FIG. 2 illustrates a modification of the filter of FIG. 1 in which a ring of small holes 10 is provided in the otherwise impervious portion 9 of the tipping 7¹ to permit ingress of ventilation air upstream of the diaphragm 4 also. If the said tipping 7¹ is secured to the plug 1 by adhesive, an adhesive-free band 10¹ may be left where the ring of holes is located. The curve d in FIG. 4 illustrates the pattern of T.P.M. delivery obtained. The delivery is even lower than that indicated by curve a and is again relatively uniform over the puff range.

Comparative tests were also carried out between a first filter which had a smoke-accelerating orifice neck 5 and was otherwise similar to the filter of FIG. 1 except that the whole length of the plug was wrapped in an impervious wrapping and a second, conventional, form of filter, without orifice neck, whose whole length was also wrapped in an impervious wrapping.

In FIG. 5, the T.P.M. delivery for the first of these filters is shown by curve e and that for the second by curve f.

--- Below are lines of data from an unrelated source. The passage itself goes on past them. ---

lemma Aq_cartan_F_qcommute:
  assumes q: "0 < q" and "f \<in> Aq q l" and g: "cartan g" and p: "1 \<le> p" "p \<le> l"
  shows "f (u @ g # Fg p # v) = complex_of_real (q powr root_exp l g p) * f (u @ Fg p # g # v)"
  using assms(2)
proof (induction f arbitrary: u v rule: Aq.induct)
  case unit
  then show ?case by (simp add: eps_append eps_def)
next
  case (coeff j k)
  have "pi_word q l (g # Fg p # v) m k
      = complex_of_real (q powr root_exp l g p) * pi_word q l (Fg p # g # v) m k"
    if "m \<in> {1..l+1}" for m
    using that g p q by (simp add: pi_word_Cons_cartan pi_word_Fg root_exp_def powr_diff del: pi_word.simps(2))
  then have "(\<Sum>m = 1..l + 1. pi_word q l u j m * pi_word q l (g # Fg p # v) m k)
      = (\<Sum>m = 1..l + 1. pi_word q l u j m *
          (complex_of_real (q powr root_exp l g p) * pi_word q l (Fg p # g # v) m k))"
    by (intro sum.cong) simp_all
  then show ?case
    using coeff by (simp add: pi_word_append sum_distrib_left ac_simps del: pi_word.simps(2))
next
  case (mult f f')
  have coprods: "coprod [g, Fg p] = [([g, Fg p], [g, Kp p]), ([g, Km p], [g, Fg p])]"
    "coprod [Fg p, g] = [([Fg p, g], [Kp p, g]), ([Km p, g], [Fg p, g])]"
    using g by (simp_all add: coprod_gen_cartan)
  have "f (a @ g # Km p # e) = f (a @ Km p # g # e)"
    and "f' (b @ g # Kp p # h) = f' (b @ Kp p # g # h)" for a b e h
    using Aq_cartan_swap[OF q] mult.hyps g by simp_all
  then show ?case
    using conv_infix[of f f' u "[g, Fg p]" v] conv_infix[of f f' u "[Fg p, g]" v]
    unfolding coprods
    by (simp add: mult.IH case_prod_unfold distrib_left sum_list_addf ac_simps flip: sum_list_const_mult)
qed (simp_all add: distrib_left)

section \<open>Invariance under \<open>K\<^sub>l\<close>\<close>

definition positive_eigensum :: "gen \<Rightarrow> functional \<Rightarrow> bool" where
  "positive_eigensum g f \<longleftrightarrow> (\<exists>cs. f = (\<lambda>w. \<Sum>(x, c)\<leftarrow>cs. c w) \<and>
      (\<forall>(x, c)\<in>set cs. 0 < x \<and> (\<forall>w. c (g # w) = complex_of_real x * c w)))"

lemma positive_eigensum_add:
  assumes "positive_eigensum g f" and "positive_eigensum g f'"
  shows "positive_eigensum g (\<lambda>w. f w + f' w)"
proof -
  obtain cs where "f = (\<lambda>w. \<Sum>(x, c)\<leftarrow>cs. c w)"
    and "\<forall>(x, c)\<in>set cs. 0 < x \<and> (\<forall>w. c (g # w) = complex_of_real x * c w)"
    using assms(1) unfolding positive_eigensum_def by auto
  moreover obtain cs' where "f' = (\<lambda>w. \<Sum>(x, c)\<leftarrow>cs'. c w)"
    and "\<forall>(x, c)\<in>set cs'. 0 < x \<and> (\<forall>w. c (g # w) = complex_of_real x * c w)"
    using assms(2) unfolding positive_eigensum_def by auto
  ultimately show ?thesis
    unfolding positive_eigensum_def by (intro exI[of _ "cs @ cs'"]) auto
qed

lemma positive_eigensum_scale:
  assumes "positive_eigensum g f"
  shows "positive_eigensum g (\<lambda>w. a * f w)"
proof -
  obtain cs where "f = (\<lambda>w. \<Sum>(x, c)\<leftarrow>cs. c w)"
    and "\<forall>(x, c)\<in>set cs. 0 < x \<and> (\<forall>w. c (g # w) = complex_of_real x * c w)"
    using assms unfolding positive_eigensum_def by auto
  then show ?thesis
    unfolding positive_eigensum_def
    by (intro exI[of _ "[(x, \<lambda>w. a * c w). (x, c) \<leftarrow> cs]"])
      (auto simp: case_prod_unfold o_def sum_list_const_mult)
qed

lemma positive_eigensum_conv:
  assumes "cartan g" and "positive_eigensum g f" and "positive_eigensum g f'"
  shows "positive_eigensum g (conv f f')"
proof -
  obtain cs where f: "f = (\<lambda>w. \<Sum>(x, c)\<leftarrow>cs. c w)"
    and eig: "\<forall>(x, c)\<in>set cs. 0 < x \<and> (\<forall>w. c (g # w) = complex_of_real x * c w)"
    using assms(2) unfolding positive_eigensum_def by auto
  obtain cs' where f': "f' = (\<lambda>w. \<Sum>(x, c)\<leftarrow>cs'. c w)"
    and eig': "\<forall>(x, c)\<in>set cs'. 0 < x \<and> (\<forall>w. c (g # w) = complex_of_real x * c w)"
    using assms(3) unfolding positive_eigensum_def by auto
  have "conv c c' (g # w) = complex_of_real (x * x') * conv c c' w"
    if "(x, c) \<in> set cs" "(x', c') \<in> set cs'" for x c x' c' w
  proof -
    have "(\<lambda>w. c (g # w)) = (\<lambda>w. complex_of_real x * c w)"
      and "(\<lambda>w. c' (g # w)) = (\<lambda>w. complex_of_real x' * c' w)"
      using eig eig' that by auto
    then show ?thesis
      using assms(1) by (simp add: conv_Cons_cartan conv_scale_left conv_scale_right)
  qed
  moreover have "conv f f' w = (\<Sum>(x, c)\<leftarrow>cs. \<Sum>(x', c')\<leftarrow>cs'. conv c c' w)" for w
    unfolding f f' by (simp add: conv_sum_list_left conv_sum_list_right case_prod_unfold)
  ultimately show ?thesis
    unfolding positive_eigensum_def using eig eig'
    by (intro exI[of _ "[(x * x', conv c c'). (x, c) \<leftarrow> cs, (x', c') \<leftarrow> cs']"])
      (auto simp: case_prod_unfold o_def map_concat sum_list_concat_map fun_eq_iff)
qed

lemma Aq_positive_eigensum:
  assumes "0 < q" and "cartan g" and "f \<in> Aq q l"
  shows "positive_eigensum g f"
  using assms(3)
proof (induction f rule: Aq.induct)
  case unit
  then show ?case
    unfolding positive_eigensum_def using assms(2)
    by (intro exI[of _ "[(1, eps)]"]) (auto simp: eps_def elim: cartan.elims)
next
  case (coeff j k)
  then show ?case
    unfolding positive_eigensum_def using assms
    by (intro exI[of _ "[(q powr cartan_exp l g j, \<lambda>w. pi_word q l w j k)]"])
      (simp add: pi_word_Cons_cartan del: pi_word.simps(2))
qed (simp_all add: positive_eigensum_add positive_eigensum_scale positive_eigensum_conv assms(2))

As will be seen, the first filter, having the orifice neck 5, gave an overall lower delivery of T.P.M., but the delivery on a puff-by-puff basis was much more uneven than in the case of curves a and d in FIG. 4. After puff 6, the delivery of T.P.M. rises sharply, which is undesirable and likely to be unacceptable to the smoker.

Comparative tests with respect to filter pressure drop were carried out for the filter of FIG. 1 and the first of the filters just discussed, which differed only by having an impervious wrapping over its whole length. The results are shown in FIG. 6, in which pressure drop pd in cm Water Gauge is plotted against puff number N, curve a¹ representing the pressure drop pattern for the filter of FIG. 1 and curve e¹ that for the filter with the impervious wrapping. Curve a¹ indicates a pressure drop which remains acceptable over the whole puff range, whereas curve e¹ indicates a pressure drop which increases so rapidly as to be quite unacceptable after even a few puffs.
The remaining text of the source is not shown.